------ Records for the exercise ------

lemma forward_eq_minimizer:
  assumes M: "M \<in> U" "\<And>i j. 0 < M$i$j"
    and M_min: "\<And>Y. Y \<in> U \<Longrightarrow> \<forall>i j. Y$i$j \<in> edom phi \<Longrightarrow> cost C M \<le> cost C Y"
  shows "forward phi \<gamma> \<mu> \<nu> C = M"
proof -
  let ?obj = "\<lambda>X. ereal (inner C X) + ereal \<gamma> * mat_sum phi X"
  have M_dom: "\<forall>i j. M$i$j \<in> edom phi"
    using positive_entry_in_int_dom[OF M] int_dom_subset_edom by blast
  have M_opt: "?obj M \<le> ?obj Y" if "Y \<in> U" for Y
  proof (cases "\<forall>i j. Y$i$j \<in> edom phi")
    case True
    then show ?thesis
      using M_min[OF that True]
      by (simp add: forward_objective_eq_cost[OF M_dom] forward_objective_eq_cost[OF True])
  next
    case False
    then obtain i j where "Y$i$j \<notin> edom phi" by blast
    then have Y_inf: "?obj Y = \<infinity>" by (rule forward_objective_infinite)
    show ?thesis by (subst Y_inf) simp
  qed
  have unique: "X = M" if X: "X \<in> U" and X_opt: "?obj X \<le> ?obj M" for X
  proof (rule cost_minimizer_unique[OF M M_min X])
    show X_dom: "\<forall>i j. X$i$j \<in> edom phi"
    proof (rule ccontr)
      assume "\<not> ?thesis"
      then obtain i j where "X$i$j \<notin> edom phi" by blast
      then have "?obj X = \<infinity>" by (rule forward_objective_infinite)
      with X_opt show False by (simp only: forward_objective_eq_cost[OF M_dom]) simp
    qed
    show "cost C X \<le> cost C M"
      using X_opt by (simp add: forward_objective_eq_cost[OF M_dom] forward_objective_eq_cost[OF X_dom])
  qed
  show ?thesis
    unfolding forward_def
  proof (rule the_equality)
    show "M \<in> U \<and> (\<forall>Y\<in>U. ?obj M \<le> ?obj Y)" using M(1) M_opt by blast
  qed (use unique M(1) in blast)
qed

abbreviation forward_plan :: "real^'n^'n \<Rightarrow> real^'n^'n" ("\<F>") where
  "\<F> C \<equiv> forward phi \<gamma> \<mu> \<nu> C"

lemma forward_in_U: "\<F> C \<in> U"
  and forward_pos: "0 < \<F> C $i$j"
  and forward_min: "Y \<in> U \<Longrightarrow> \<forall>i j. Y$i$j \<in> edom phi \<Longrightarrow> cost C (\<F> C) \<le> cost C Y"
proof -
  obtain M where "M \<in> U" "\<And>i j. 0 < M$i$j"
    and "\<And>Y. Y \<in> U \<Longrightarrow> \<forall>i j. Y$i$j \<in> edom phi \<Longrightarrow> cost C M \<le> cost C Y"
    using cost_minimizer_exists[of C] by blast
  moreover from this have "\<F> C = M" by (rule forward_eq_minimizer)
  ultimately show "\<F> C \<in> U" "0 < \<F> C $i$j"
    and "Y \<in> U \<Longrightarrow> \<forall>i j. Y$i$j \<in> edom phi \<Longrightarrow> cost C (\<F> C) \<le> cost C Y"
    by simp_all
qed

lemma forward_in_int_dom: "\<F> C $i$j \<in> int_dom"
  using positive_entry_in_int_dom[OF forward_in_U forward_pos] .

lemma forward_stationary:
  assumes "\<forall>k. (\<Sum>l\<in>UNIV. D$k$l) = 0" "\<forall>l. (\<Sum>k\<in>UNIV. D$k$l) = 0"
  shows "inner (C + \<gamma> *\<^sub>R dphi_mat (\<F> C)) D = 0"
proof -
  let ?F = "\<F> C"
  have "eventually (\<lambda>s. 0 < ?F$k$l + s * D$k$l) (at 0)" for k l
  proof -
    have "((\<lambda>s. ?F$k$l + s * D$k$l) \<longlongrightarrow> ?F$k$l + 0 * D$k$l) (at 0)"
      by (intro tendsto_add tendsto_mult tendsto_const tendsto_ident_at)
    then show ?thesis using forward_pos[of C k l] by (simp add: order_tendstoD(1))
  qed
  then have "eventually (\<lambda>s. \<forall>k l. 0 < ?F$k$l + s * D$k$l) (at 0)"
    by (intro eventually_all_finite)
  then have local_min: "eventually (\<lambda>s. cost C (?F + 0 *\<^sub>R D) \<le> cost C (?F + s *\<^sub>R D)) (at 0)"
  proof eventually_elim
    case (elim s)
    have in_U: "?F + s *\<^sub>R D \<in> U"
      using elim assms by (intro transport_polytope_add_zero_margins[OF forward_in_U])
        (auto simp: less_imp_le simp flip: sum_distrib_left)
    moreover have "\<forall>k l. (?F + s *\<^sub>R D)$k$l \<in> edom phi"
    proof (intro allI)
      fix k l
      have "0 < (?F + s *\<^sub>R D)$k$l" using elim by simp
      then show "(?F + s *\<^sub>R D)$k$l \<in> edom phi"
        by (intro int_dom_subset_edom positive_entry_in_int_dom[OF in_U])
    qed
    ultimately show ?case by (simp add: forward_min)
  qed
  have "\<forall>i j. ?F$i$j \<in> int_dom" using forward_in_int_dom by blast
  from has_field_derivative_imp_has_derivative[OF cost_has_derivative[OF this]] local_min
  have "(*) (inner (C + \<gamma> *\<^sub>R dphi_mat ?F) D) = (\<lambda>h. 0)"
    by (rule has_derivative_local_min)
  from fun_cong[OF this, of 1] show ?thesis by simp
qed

------

Exercise goal: Copy the listing in full. Match it word for word.

Response:
lemma forward_eq_minimizer:
  assumes M: "M \<in> U" "\<And>i j. 0 < M$i$j"
    and M_min: "\<And>Y. Y \<in> U \<Longrightarrow> \<forall>i j. Y$i$j \<in> edom phi \<Longrightarrow> cost C M \<le> cost C Y"
  shows "forward phi \<gamma> \<mu> \<nu> C = M"
proof -
  let ?obj = "\<lambda>X. ereal (inner C X) + ereal \<gamma> * mat_sum phi X"
  have M_dom: "\<forall>i j. M$i$j \<in> edom phi"
    using positive_entry_in_int_dom[OF M] int_dom_subset_edom by blast
  have M_opt: "?obj M \<le> ?obj Y" if "Y \<in> U" for Y
  proof (cases "\<forall>i j. Y$i$j \<in> edom phi")
    case True
    then show ?thesis
      using M_min[OF that True]
      by (simp add: forward_objective_eq_cost[OF M_dom] forward_objective_eq_cost[OF True])
  next
    case False
    then obtain i j where "Y$i$j \<notin> edom phi" by blast
    then have Y_inf: "?obj Y = \<infinity>" by (rule forward_objective_infinite)
    show ?thesis by (subst Y_inf) simp
  qed
  have unique: "X = M" if X: "X \<in> U" and X_opt: "?obj X \<le> ?obj M" for X
  proof (rule cost_minimizer_unique[OF M M_min X])
    show X_dom: "\<forall>i j. X$i$j \<in> edom phi"
    proof (rule ccontr)
      assume "\<not> ?thesis"
      then obtain i j where "X$i$j \<notin> edom phi" by blast
      then have "?obj X = \<infinity>" by (rule forward_objective_infinite)
      with X_opt show False by (simp only: forward_objective_eq_cost[OF M_dom]) simp
    qed
    show "cost C X \<le> cost C M"
      using X_opt by (simp add: forward_objective_eq_cost[OF M_dom] forward_objective_eq_cost[OF X_dom])
  qed
  show ?thesis
    unfolding forward_def
  proof (rule the_equality)
    show "M \<in> U \<and> (\<forall>Y\<in>U. ?obj M \<le> ?obj Y)" using M(1) M_opt by blast
  qed (use unique M(1) in blast)
qed

abbreviation forward_plan :: "real^'n^'n \<Rightarrow> real^'n^'n" ("\<F>") where
  "\<F> C \<equiv> forward phi \<gamma> \<mu> \<nu> C"

lemma forward_in_U: "\<F> C \<in> U"
  and forward_pos: "0 < \<F> C $i$j"
  and forward_min: "Y \<in> U \<Longrightarrow> \<forall>i j. Y$i$j \<in> edom phi \<Longrightarrow> cost C (\<F> C) \<le> cost C Y"
proof -
  obtain M where "M \<in> U" "\<And>i j. 0 < M$i$j"
    and "\<And>Y. Y \<in> U \<Longrightarrow> \<forall>i j. Y$i$j \<in> edom phi \<Longrightarrow> cost C M \<le> cost C Y"
    using cost_minimizer_exists[of C] by blast
  moreover from this have "\<F> C = M" by (rule forward_eq_minimizer)
  ultimately show "\<F> C \<in> U" "0 < \<F> C $i$j"
    and "Y \<in> U \<Longrightarrow> \<forall>i j. Y$i$j \<in> edom phi \<Longrightarrow> cost C (\<F> C) \<le> cost C Y"
    by simp_all
qed

lemma forward_in_int_dom: "\<F> C $i$j \<in> int_dom"
  using positive_entry_in_int_dom[OF forward_in_U forward_pos] .

lemma forward_stationary:
  assumes "\<forall>k. (\<Sum>l\<in>UNIV. D$k$l) = 0" "\<forall>l. (\<Sum>k\<in>UNIV. D$k$l) = 0"
  shows "inner (C + \<gamma> *\<^sub>R dphi_mat (\<F> C)) D = 0"
proof -
  let ?F = "\<F> C"
  have "eventually (\<lambda>s. 0 < ?F$k$l + s * D$k$l) (at 0)" for k l
  proof -
    have "((\<lambda>s. ?F$k$l + s * D$k$l) \<longlongrightarrow> ?F$k$l + 0 * D$k$l) (at 0)"
      by (intro tendsto_add tendsto_mult tendsto_const tendsto_ident_at)
    then show ?thesis using forward_pos[of C k l] by (simp add: order_tendstoD(1))
  qed
  then have "eventually (\<lambda>s. \<forall>k l. 0 < ?F$k$l + s * D$k$l) (at 0)"
    by (intro eventually_all_finite)
  then have local_min: "eventually (\<lambda>s. cost C (?F + 0 *\<^sub>R D) \<le> cost C (?F + s *\<^sub>R D)) (at 0)"
  proof eventually_elim
    case (elim s)
    have in_U: "?F + s *\<^sub>R D \<in> U"
      using elim assms by (intro transport_polytope_add_zero_margins[OF forward_in_U])
        (auto simp: less_imp_le simp flip: sum_distrib_left)
    moreover have "\<forall>k l. (?F + s *\<^sub>R D)$k$l \<in> edom phi"
    proof (intro allI)
      fix k l
      have "0 < (?F + s *\<^sub>R D)$k$l" using elim by simp
      then show "(?F + s *\<^sub>R D)$k$l \<in> edom phi"
        by (intro int_dom_subset_edom positive_entry_in_int_dom[OF in_U])
    qed
    ultimately show ?case by (simp add: forward_min)
  qed
  have "\<forall>i j. ?F$i$j \<in> int_dom" using forward_in_int_dom by blast
  from has_field_derivative_imp_has_derivative[OF cost_has_derivative[OF this]] local_min
  have "(*) (inner (C + \<gamma> *\<^sub>R dphi_mat ?F) D) = (\<lambda>h. 0)"
    by (rule has_derivative_local_min)
  from fun_cong[OF this, of 1] show ?thesis by simp
qed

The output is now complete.